There is a tendency for contracts of the same type to fall into one period and that is what now happened to Kilpatrick, who because of a series of installations throughout the UK became known as "mental hospital experts". This kind of specialisation could have its hazards. On a visit to one of these hospitals Mr Orr, wearing his usual business bowler, entered a women’s ward. They immediately pounced on him angrily, belabouring his person in general and his bowler in particular. It took several minutes for attendant members of his workforce to extricate him and his battered hat. Only then did he learn that the women believed anyone in a bowler was responsible for keeping them in place.
But for the company, as for the industry as a whole, the most important thing that happened in the late ‘twenties was the setting up of the national grid, which accelerated the supply of electricity to people all over the country. Kilpatrick set up a unit for street lighting and cable laying and during the ‘thirties carried out complete distribution schemes for local authorities from Lerwick to Dover. One of the earliest of these schemes brought a supply to 20 villages in Dumfriesshire in 1932. The following year, after an all-out sales campaign by its man on the spot, Kilpatrick installed electricity in more than 200 houses in Brodick, Lamlash, and Whiting Bay in Arran.
Meanwhile, the company had entered into a five-year affair with the manufacture of neon signs.
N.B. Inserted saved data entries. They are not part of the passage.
theorem mainTheorem11:
  fixes I B :: nat and \<kappa> :: real
    and E :: "nat \<Rightarrow> (nat \<times> nat) set"
    and A :: "nat \<Rightarrow> nat \<Rightarrow> nat \<Rightarrow> real"
    and \<phi> :: "nat \<Rightarrow> nat \<Rightarrow> real"
    and x \<epsilon> :: "nat \<Rightarrow> nat \<Rightarrow> real ^ 'm"
  assumes I2: "I \<ge> 2"
    and \<kappa>pos: "\<kappa> > 0"
    and Esub: "\<And>k. E k \<subseteq> {..<I} \<times> {..<I}"
    and Bconn: "B_strongly_connected I B E"
    and comp: "\<And>k. compliant I \<kappa> (E k) (A k)"
    and colst: "\<And>k. column_stochastic I (A k)"
    and phi0: "\<And>i. i < I \<Longrightarrow> \<phi> 0 i = 1"
    and phiS: "\<And>k i. i < I \<Longrightarrow> \<phi> (Suc k) i = (\<Sum>j<I. A k i j * \<phi> k j)"
    and xS: "\<And>k i. i < I \<Longrightarrow> x (Suc k) i =
               (1 / \<phi> (Suc k) i) *\<^sub>R (\<Sum>j<I. (A k i j * \<phi> k j) *\<^sub>R x k j) + \<epsilon> k i"
  shows "let \<phi>lb = (INF k. Min ((\<lambda>i. \<phi> k i) ` {..<I}));
             \<phi>ub = (SUP k. Max ((\<lambda>i. \<phi> k i) ` {..<I}));
             n = (I - 1) * B;
             \<kappa>t = \<kappa> * \<phi>lb / \<phi>ub;
             \<rho> = (1 - \<kappa>t ^ n) powr (1 / real n);
             c = (2 * real I / \<rho>) * (2 * (1 + inverse (\<kappa>t ^ n)) / (1 - \<kappa>t ^ n))
         in \<phi>lb \<ge> \<kappa> ^ (2 * (I - 1) * B) \<and> \<phi>ub \<le> real I - \<kappa> ^ (2 * (I - 1) * B) \<and>
            0 < \<rho> \<and> \<rho> < 1 \<and>
            (\<forall>k. \<forall>i<I.
               norm (x k i - (1 / real I) *\<^sub>R (\<Sum>j<I. \<phi> k j *\<^sub>R x k j))
                 \<le> c * (\<rho> ^ k * stacked_norm I (x 0)
                        + (\<Sum>t<k. \<rho> ^ (k - 1 - t) * stacked_norm I (\<epsilon> t))))"
proof -
  interpret push_sum I B \<kappa> E A \<phi>
    using I2 \<kappa>pos Bconn comp colst phi0 phiS by unfold_locales
  let ?q = "\<kappa>t ^ ((I - 1) * B)" and ?\<rho> = avg.rate
  have \<kappa>_power: "\<kappa> ^ (2 * (I - 1) * B) \<le> \<kappa> ^ ((I - 1) * B)"
    using \<kappa>_pos \<kappa>_le_1 by (intro power_decreasing) auto
  have q: "0 < ?q" "?q < 1"
    using \<kappa>t_pos avg.window_power_lt_1 by simp_all
  let ?c = "(2 * real I / ?\<rho>) * (2 * (1 + inverse ?q) / (1 - ?q))"
  have "1 * (2 / (1 - ?q)) \<le> ?c"
    using q I2 avg.rate_pos avg.rate_le_1
    by (intro mult_mono divide_right_mono) (auto simp: pos_le_divide_eq)
  then have "norm (x k i - (1 / real I) *\<^sub>R (\<Sum>j<I. \<phi> k j *\<^sub>R x k j))
      \<le> ?c * (?\<rho> ^ k * stacked_norm I (x 0) + (\<Sum>t<k. ?\<rho> ^ (k - 1 - t) * stacked_norm I (\<epsilon> t)))"
    if "i < I" for k i
    using avg.rate_pos
    by (intro order.trans[OF consensus_error_le[OF xS that] mult_right_mono])
      (auto intro!: add_nonneg_nonneg sum_nonneg simp: stacked_norm_nonneg)
  then show ?thesis
    unfolding Let_def \<phi>lb_def[symmetric] \<phi>ub_def[symmetric] \<kappa>t_def[symmetric] avg.rate_def[symmetric]
    using \<phi>lb_lower_bound \<phi>ub_upper_bound \<kappa>_power avg.rate_pos avg.rate_lt_1[OF \<kappa>t_pos] by auto
qed

end
(* Consider the Markowitz portfolio setting of the context with fixed return level $m\neq0$, and assume conditions MP1–MP4, with rates $r_1,r_2,r_3$ satisfying $\max(r_1,r_2,r_3)=o(1)$ as $n,p\to\infty$. In the first step choose $\lambda\ge C\big(\Delta_ps(r_2+r_3^2)+r_3\big)$ with $C>0$ a sufficiently large constant. If $sr_1+\Delta_ps^2(r_2+r_3^2)=o(1)$, then $\hat{\mathbf w}$ is ratio consistent, i.e. $R(\hat{\mathbf w})/R(\mathbf w^* )\to1$ in probability as $n,p\to\infty$.
   Context: Let $\mathbf x_1,\dots,\mathbf x_n$ be observations from a stationary $p$-dimensional time series with mean $\boldsymbol\mu$ and invertible covariance matrix $\Sigma=(\sigma_{jk})$ (asymptotics along a sequence with $n,p\to\infty$). Let $\boldsymbol\theta=\Sigma^{-1}\boldsymbol\mu$, $\Delta_p=\boldsymbol\mu^\top\Sigma^{-1}\boldsymbol\mu>0$, $\mathbf w^*=m\boldsymbol\theta/\Delta_p$ (the minimizer of $\mathbf w^\top\Sigma\mathbf w$ subject to $\mathbf w^\top\boldsymbol\mu=m$), and $R(\mathbf w)=\mathbf w^\top\Sigma\mathbf w$, so $R(\mathbf w^* )=m^2/\Delta_p$. Let $\bar{\mathbf x}=n^{-1}\sum_i\mathbf x_i$, $\hat S_n=n^{-1}\sum_{i=1}^n(\mathbf x_i-\bar{\mathbf x})(\mathbf x_i-\bar{\mathbf x})^\top$, $\check S_n=n^{-1}\sum_{i=1}^n(\mathbf x_i-\boldsymbol\mu)(\mathbf x_i-\boldsymbol\mu)^\top$. Estimator: $\hat{\boldsymbol\theta}$ is a solution of $\min_{\boldsymbol\eta}|\boldsymbol\eta|_1$ subject to $|\hat S_n\boldsymbol\eta-\bar{\mathbf x}|_\infty\le\lambda$; then $\hat\Delta_{p,n}=\bar{\mathbf x}^\top\hat{\boldsymbol\theta}$ and $\hat{\mathbf w}=m\hat{\boldsymbol\theta}/\hat\Delta_{p,n}$. For a matrix $M$, $|M|_\infty=\max_{j,k}|m_{jk}|$; $|\mathbf v|_0$ is the number of nonzero entries. Conditions: MP1: $|\mathbf w^*|_0\le s$ and $|\mathbf w^*|_\infty\le C_w$ for a constant $C_w>0$. MP2: $|\check S_n-\Sigma|_\infty=O_{\mathbb P}(r_2)$ and $|\bar{\mathbf x}-\boldsymbol\mu|_\infty=O_{\mathbb P}(r_3)$. MP3: for constants $K_1,K_2,C>0$, $|\mu_j|\le K_1$, $\sigma_{jj}\le K_2$ for all $j$, and $R(\mathbf w^* )\le C$. MP4: the estimator $\hat{\boldsymbol\theta}$ satisfies $|\hat{\boldsymbol\theta}-\boldsymbol\theta|_1=O_{\mathbb P}(r_1)$. *)

theory Defs
  imports "HOL-Probability.Probability"
begin

text \<open>Vectors in R^p are functions nat => real (only indices < p matter);
  p x p matrices are functions nat => nat => real (only indices < p matter).
  Data: X i omega j is coordinate j of observation x_i (i < n) at sample point omega.\<close>

definition l1norm :: "nat \<Rightarrow> (nat \<Rightarrow> real) \<Rightarrow> real" where
  "l1norm p v = (\<Sum>j<p. \<bar>v j\<bar>)"

definition supnorm :: "nat \<Rightarrow> (nat \<Rightarrow> real) \<Rightarrow> real" where
  "supnorm p v = Max (insert 0 ((\<lambda>j. \<bar>v j\<bar>) ` {..<p}))"

definition l0norm :: "nat \<Rightarrow> (nat \<Rightarrow> real) \<Rightarrow> nat" where
  "l0norm p v = card {j. j < p \<and> v j \<noteq> 0}"

definition mat_supnorm :: "nat \<Rightarrow> (nat \<Rightarrow> nat \<Rightarrow> real) \<Rightarrow> real" where
  "mat_supnorm p A = Max (insert 0 ((\<lambda>(j,l). \<bar>A j l\<bar>) ` ({..<p} \<times> {..<p})))"

definition dotp :: "nat \<Rightarrow> (nat \<Rightarrow> real) \<Rightarrow> (nat \<Rightarrow> real) \<Rightarrow> real" where
  "dotp p u v = (\<Sum>j<p. u j * v j)"

definition matvec :: "nat \<Rightarrow> (nat \<Rightarrow> nat \<Rightarrow> real) \<Rightarrow> (nat \<Rightarrow> real) \<Rightarrow> (nat \<Rightarrow> real)" where
  "matvec p A v = (\<lambda>j. \<Sum>l<p. A j l * v l)"

text \<open>Quadratic form w^T A w, i.e. the risk R(w) when A = Sigma.\<close>
definition quadf :: "nat \<Rightarrow> (nat \<Rightarrow> nat \<Rightarrow> real) \<Rightarrow> (nat \<Rightarrow> real) \<Rightarrow> real" where
  "quadf p A w = (\<Sum>j<p. \<Sum>l<p. w j * A j l * w l)"

definition xbar :: "nat \<Rightarrow> (nat \<Rightarrow> 'a \<Rightarrow> nat \<Rightarrow> real) \<Rightarrow> 'a \<Rightarrow> nat \<Rightarrow> real" where
  "xbar n X \<omega> j = (\<Sum>i<n. X i \<omega> j) / real n"
(* Let $d\geq 3$ and $k\geq 1$, and let $P_{d,k}(t)=\sum_{n\geq 1}p_{d,k,n}t^n$, where $p_{d,k,n}$ is the number of directed plateau polyhypercubes of dimension $d$, width $k$ and lateral area $n$. Then $$P_{d,k}(t)=\frac{t^{k(d-1)}}{(1-t)^{2k(d-1)-(d-1)}}.$$
   Context: Work in $\mathbb{Z}^d$ with orthonormal coordinate system $(0,\vec{i_1},\dots,\vec{i_d})$; a cell is a unit hypercube of the lattice. A polyhypercube of dimension $d$ is a finite union of cells, connected through their $(d-1)$-dimensional faces, defined up to translation. Its width is the number of distinct values of the $\vec{i_1}$-coordinate taken by its cells; its strata are its intersections with the layers of constant $\vec{i_1}$-coordinate. A plateau is a stratum that is a hyperrectangle. An elementary step is a positive move of one unit along one axis. A polyhypercube is directed if every cell can be reached from a distinguished root cell by a path of cells of the polyhypercube using only elementary steps. A directed plateau polyhypercube is a directed polyhypercube all of whose strata are plateaus. The lateral area of a polyhypercube is the sum, over $2\leq l\leq d$, of the areas (numbers of unit squares) of the polyominoes obtained by projecting it onto the planes $(\vec{i_1},\vec{i_l})$. Generating functions are formal power series in $t$. *)

theory Defs
  imports Main "HOL-Computational_Algebra.Formal_Power_Series"
begin

text \<open>Cells of the d-dimensional lattice: a cell is identified with its minimal
corner, a point of Z^d, represented as a function nat => int vanishing at
indices >= d. Coordinate 0 is the i_1 axis; coordinates 1..d-1 are i_2..i_d.\<close>

definition cells :: "nat \<Rightarrow> (nat \<Rightarrow> int) set" where
  "cells d = {x. \<forall>i\<ge>d. x i = 0}"

definition unitv :: "nat \<Rightarrow> nat \<Rightarrow> int" where
  "unitv j = (\<lambda>i. if i = j then 1 else 0)"

definition adjacent :: "nat \<Rightarrow> (nat \<Rightarrow> int) \<Rightarrow> (nat \<Rightarrow> int) \<Rightarrow> bool" where
  "adjacent d x y \<longleftrightarrow> (\<exists>j<d. y = (\<lambda>i. x i + unitv j i) \<or> x = (\<lambda>i. y i + unitv j i))"

definition elem_step :: "nat \<Rightarrow> (nat \<Rightarrow> int) \<Rightarrow> (nat \<Rightarrow> int) \<Rightarrow> bool" where
  "elem_step d x y \<longleftrightarrow> (\<exists>j<d. y = (\<lambda>i. x i + unitv j i))"
(* Let $p\ge1$. For a finite Gaussian mixture $F=\sum_{k=1}^K\alpha_k\mathcal{N}(\mu_k,\Sigma_k)$ on $\mathbb{R}^d$ (with $\alpha_k>0$, $\sum_k\alpha_k=1$, $\mu_k\in\mathbb{R}^d$, $\Sigma_k\in S_d^{++}(\mathbb{R})$), let $G_F$ denote its mixing measure, the finite discrete probability measure on $\mathbb{R}^d\times S_d^{++}(\mathbb{R})$ with $F=f*G_F$ (where $f$ is the Gaussian kernel, i.e. $F=\int\mathcal{N}(\mu,\Sigma)\,dG_F(\mu,\Sigma)$). Then $D(F_1,F_2):=\text{Mix-}SW_p(G_{F_1},G_{F_2})$ is a well-defined metric on the set of finite Gaussian mixtures on $\mathbb{R}^d$.
   Context: $S_d^{++}(\mathbb{R})$ is the set of $d\times d$ real symmetric positive definite matrices, $\log$ the matrix logarithm (via spectral decomposition). Let $\mathbb{S}=\{w\in\mathbb{R}^2:\|w\|_2=1\}$, $\mathbb{S}^{d-1}=\{v\in\mathbb{R}^d:\|v\|_2=1\}$, and let $\mathcal{U}(S_d(\mathbb{R}))$ denote the uniform distribution on the set of real symmetric $d\times d$ matrices $A$ with $\|A\|_F=1$. For $w=(w_1,w_2)\in\mathbb{S}$, $v\in\mathbb{S}^{d-1}$, and such $A$, set $V_w=(w_1v,w_2A)$ and $P_{V_w}(\mu,\Sigma)=w_1\langle\mu,v\rangle+w_2\,\mathrm{Trace}(A\log\Sigma)$. For probability measures $G_1,G_2$ on $\mathbb{R}^d\times S_d^{++}(\mathbb{R})$, $$\text{Mix-}SW_p^p(G_1,G_2)=\mathbb{E}_{(w,v,A)\sim\mathcal{U}(\mathbb{S})\otimes\mathcal{U}(\mathbb{S}^{d-1})\otimes\mathcal{U}(S_d(\mathbb{R}))}\big[W_p^p(P_{V_w}\sharp G_1,P_{V_w}\sharp G_2)\big],$$ and $\text{Mix-}SW_p=(\text{Mix-}SW_p^p)^{1/p}$, where $\sharp$ denotes push-forward and $W_p^p(\alpha,\beta)=\inf_{\pi\in\Pi(\alpha,\beta)}\int|x-y|^p\,d\pi(x,y)$ for probability measures on $\mathbb{R}$. *)

theory Defs
  imports "HOL-Analysis.Analysis" "HOL-Probability.Probability"
begin

definition sym_mat :: "real^'n^'n \<Rightarrow> bool" where
  "sym_mat A \<longleftrightarrow> transpose A = A"

definition spd :: "real^'n^'n \<Rightarrow> bool" where
  "spd S \<longleftrightarrow> sym_mat S \<and> (\<forall>x. x \<noteq> 0 \<longrightarrow> x \<bullet> (S *v x) > 0)"

definition diag_mat :: "('n \<Rightarrow> real) \<Rightarrow> real^'n^'n" where
  "diag_mat d = (\<chi> i j. if i = j then d i else 0)"

definition mat_log :: "real^'n^'n \<Rightarrow> real^'n^'n" where
  "mat_log S = (SOME L. \<exists>U lam. orthogonal_matrix U \<and> (\<forall>i. lam i > 0) \<and>
       S = U ** diag_mat lam ** transpose U \<and>
       L = U ** diag_mat (\<lambda>i. ln (lam i)) ** transpose U)"

definition gauss_pdf :: "real^'n \<Rightarrow> real^'n^'n \<Rightarrow> real^'n \<Rightarrow> real" where
  "gauss_pdf \<mu> S x = (2 * pi) powr (- real CARD('n) / 2) * det S powr (- 1 / 2) *
      exp (- ((x - \<mu>) \<bullet> (matrix_inv S *v (x - \<mu>))) / 2)"

definition mixing_measure :: "((real^'n) \<times> (real^'n^'n)) pmf \<Rightarrow> bool" where
  "mixing_measure G \<longleftrightarrow> finite (set_pmf G) \<and> (\<forall>\<theta>\<in>set_pmf G. spd (snd \<theta>))"

definition gmm :: "((real^'n) \<times> (real^'n^'n)) pmf \<Rightarrow> (real^'n) measure" where
  "gmm G = density lborel
     (\<lambda>x. ennreal (\<Sum>\<theta>\<in>set_pmf G. pmf G \<theta> * gauss_pdf (fst \<theta>) (snd \<theta>) x))"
German experts arrived in Paisley to oversee the setting up of a glass-blowing and gas-filling plant in Marshall’s Lane. The tubes the company produced were mainly, of course, for advertising and some prominent signs were made before this sideline was sold in 1937 to Claude-Gen Neon Lights Limited. But that was only a footnote to major events that made this year a turning-point in the company’s history.